[Data items]
(* Let $\gamma\ge 2$ be an integer, $\delta>0$, and let $\mu$ range over an arbitrary parameter set. Let $F(\rho,\mu)$ be complex valued and, for each $\mu$, smooth in $\rho\in[0,\delta)$; set $a_j(\mu)=\partial_\rho^jF(0,\mu)/j!$. Assume (F1) $a_0(\mu)=a_1(\mu)=0$ for all $\mu$; (F2) there is $C>0$ with $\sum_{j=2}^{\gamma}|a_j(\mu)|\ge C$ for all $\mu$; (F3) for each $\mu$, $|\partial_\rho F(\rho,\mu)|$ is increasing in $\rho$ for $0<\rho<\delta$; (F4') for every $k\in\mathbb{N}$, $\partial_\rho^kF(\rho,\mu)$ is bounded uniformly in $0<\rho<\delta$ and $\mu$. Then, provided $\delta$ is sufficiently small, there exist constants $C>0$ and $C_m>0$ ($m\in\mathbb{N}$) such that for all $0<\rho<\delta$, all $\mu$ and all $m\in\mathbb{N}$, $$|\partial_\rho F(\rho,\mu)|\ge C\rho^{\gamma-1}\qquad\text{and}\qquad |\partial_\rho^mF(\rho,\mu)|\le C_m\rho^{1-m}|\partial_\rho F(\rho,\mu)|.$$ *)

theory Defs
  imports "HOL-Analysis.Analysis"
begin

end

theory Submission
  imports Defs
begin

(*
  Fix a parameter \<mu> and a radius 0 < r < \<delta>, and let S j be the
  supremum of |\<partial>^j F(\<cdot>,\<mu>)| over [0, r].  Landau's inequality on [0, r] gives, for 0 < s \<le> r/2,
      S j \<le> 2 (S (j-1) / s + s S (j+1)),
  and iterating this "Landau chain" yields a Kolmogorov-type interpolation inequality
      S j \<le> K (S 0 / s^j + s^(N-j) S N)          (j \<le> N)
  with K depending only on j and N.  We apply it to the shifted sequence T i = S (i+1): by
  (F1) and (F3) its first term is T 0 = |\<partial>F(r,\<mu>)|, and by (F4') every T i is bounded uniformly.
  With N = \<gamma> the Taylor coefficients in (F2) are dominated by T 1, ..., T (\<gamma>-1), which forces
  T 0 \<ge> c r^(\<gamma>-1) for small r; with N = \<gamma>-1 the same inequality then gives T j \<le> K j T 0 / r^j.
*)

lemma norm_diff_le_of_vector_derivative_bound:
  fixes f f' :: "real \<Rightarrow> 'a::real_normed_vector"
  assumes "convex S"
    and der: "\<And>x. x \<in> S \<Longrightarrow> (f has_vector_derivative f' x) (at x within S)"
    and bound: "\<And>x. x \<in> S \<Longrightarrow> norm (f' x) \<le> B"
    and "x \<in> S" "y \<in> S"
  shows "norm (f x - f y) \<le> B * \<bar>x - y\<bar>"
proof -
  have "norm (f x - f y) \<le> B * norm (x - y)"
  proof (rule differentiable_bound[of S f "\<lambda>x h. h *\<^sub>R f' x" B x y])
    show "(f has_derivative (\<lambda>h. h *\<^sub>R f' x)) (at x within S)" if "x \<in> S" for x
      using der[OF that] by (simp add: has_vector_derivative_def)
    show "onorm (\<lambda>h. h *\<^sub>R f' x) \<le> B" if "x \<in> S" for x
      by (rule onorm_le) (use bound[OF that] in \<open>auto simp: mult.commute[of B] intro!: mult_left_mono\<close>)
  qed (use assms in auto)
  then show ?thesis by simp
qed

text \<open>Proof: Taylor expansion of \<open>f\<close> at \<open>x\<close> towards a point at distance \<open>s\<close> inside \<open>[0, r]\<close>.\<close>

lemma landau_derivative_bound:
  fixes f f' f'' :: "real \<Rightarrow> 'a::real_normed_vector"
  assumes s: "0 < s" "2 * s \<le> r"
    and der0: "\<And>x. x \<in> {0..r} \<Longrightarrow> (f has_vector_derivative f' x) (at x within {0..r})"
    and der1: "\<And>x. x \<in> {0..r} \<Longrightarrow> (f' has_vector_derivative f'' x) (at x within {0..r})"
    and bound0: "\<And>x. x \<in> {0..r} \<Longrightarrow> norm (f x) \<le> M0"
    and bound2: "\<And>x. x \<in> {0..r} \<Longrightarrow> norm (f'' x) \<le> M2"
    and x: "x \<in> {0..r}"
  shows "norm (f' x) \<le> 2 * M0 / s + s * M2"
proof -
  define y where "y = (if x \<le> r/2 then x + s else x - s)"
  have y: "y \<in> {0..r}" and dist_yx: "\<bar>y - x\<bar> = s"
    using x s by (auto simp: y_def)
  define I where "I = closed_segment x y"
  have I_sub: "I \<subseteq> {0..r}"
    using x y by (auto simp: I_def closed_segment_eq_real_ivl)
  have M2: "0 \<le> M2"
    using bound2[of 0] s by (auto intro: order_trans[OF norm_ge_zero])
  have taylor: "norm (f y - f x - (y - x) *\<^sub>R f' x) \<le> norm (y - x) * (s * M2)"
  proof (rule vector_differentiable_bound_linearization[of I f f' x y x])
    show "(f has_vector_derivative f' z) (at z within I)" if "z \<in> I" for z
      using has_vector_derivative_within_subset[OF der0 I_sub] that I_sub by auto
    show "norm (f' z - f' x) \<le> s * M2" if z: "z \<in> I" for z
    proof -
      have "norm (f' z - f' x) \<le> M2 * \<bar>z - x\<bar>"
        using has_vector_derivative_within_subset[OF der1 I_sub] I_sub z bound2
        by (intro norm_diff_le_of_vector_derivative_bound[of I f' f'']) (auto simp: I_def)
      also have "\<dots> \<le> M2 * s"
        using z dist_yx M2 by (intro mult_left_mono) (auto simp: I_def closed_segment_eq_real_ivl split: if_splits)
      finally show ?thesis by (simp add: mult.commute)
    qed
  qed (auto simp: I_def)
  have "s * norm (f' x) = norm ((y - x) *\<^sub>R f' x)"
    using dist_yx by simp
  also have "\<dots> \<le> norm (f y) + norm (f x) + norm (f y - f x - (y - x) *\<^sub>R f' x)"
    using norm_triangle_ineq4[of "f y - f x" "f y - f x - (y - x) *\<^sub>R f' x"]
      norm_triangle_ineq4[of "f y" "f x"] by simp
  also have "\<dots> \<le> 2 * M0 + s * s * M2"
    using bound0[OF x] bound0[OF y] taylor dist_yx by simp
  finally show ?thesis
    using s by (simp add: field_simps)
qed

text \<open>A Landau chain is a nonnegative sequence obeying Landau's inequality with constant \<open>a\<close>
  for every step \<open>s \<le> L\<close>; the suprema of successive derivatives on \<open>[0, r]\<close> form one.\<close>

definition landau_chain :: "real \<Rightarrow> real \<Rightarrow> (nat \<Rightarrow> real) \<Rightarrow> bool" where
  "landau_chain a L S \<longleftrightarrow> (\<forall>j. 0 \<le> S j) \<and>
     (\<forall>j s. 1 \<le> j \<longrightarrow> 0 < s \<longrightarrow> s \<le> L \<longrightarrow> S j \<le> a * (S (j - 1) / s + s * S (Suc j)))"

lemma landau_chainD:
  assumes "landau_chain a L S"
  shows landau_chain_nonneg: "0 \<le> S j"
    and landau_chain_step: "1 \<le> j \<Longrightarrow> 0 < s \<Longrightarrow> s \<le> L \<Longrightarrow> S j \<le> a * (S (j - 1) / s + s * S (Suc j))"
  using assms by (auto simp: landau_chain_def)

lemma landau_chain_shift: "landau_chain a L S \<Longrightarrow> landau_chain a L (\<lambda>i. S (Suc i))"
  unfolding landau_chain_def
  by (metis Suc_diff_le Suc_le_mono diff_Suc_1 le_SucI)

definition interpolation_constant :: "real \<Rightarrow> nat \<Rightarrow> nat \<Rightarrow> real \<Rightarrow> bool" where
  "interpolation_constant a N j K \<longleftrightarrow> 0 < K \<and>
     (\<forall>S L s. landau_chain a L S \<longrightarrow> 0 < s \<longrightarrow> s \<le> L \<longrightarrow> S j \<le> K * (S 0 / s ^ j + s ^ (N - j) * S N))"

**Problem to work on**
Quote verbatim the line containing "0 < K \<and>" and every line after it through the end of the records above.

**Task result**
  "interpolation_constant a N j K \<longleftrightarrow> 0 < K \<and>
     (\<forall>S L s. landau_chain a L S \<longrightarrow> 0 < s \<longrightarrow> s \<le> L \<longrightarrow> S j \<le> K * (S 0 / s ^ j + s ^ (N - j) * S N))"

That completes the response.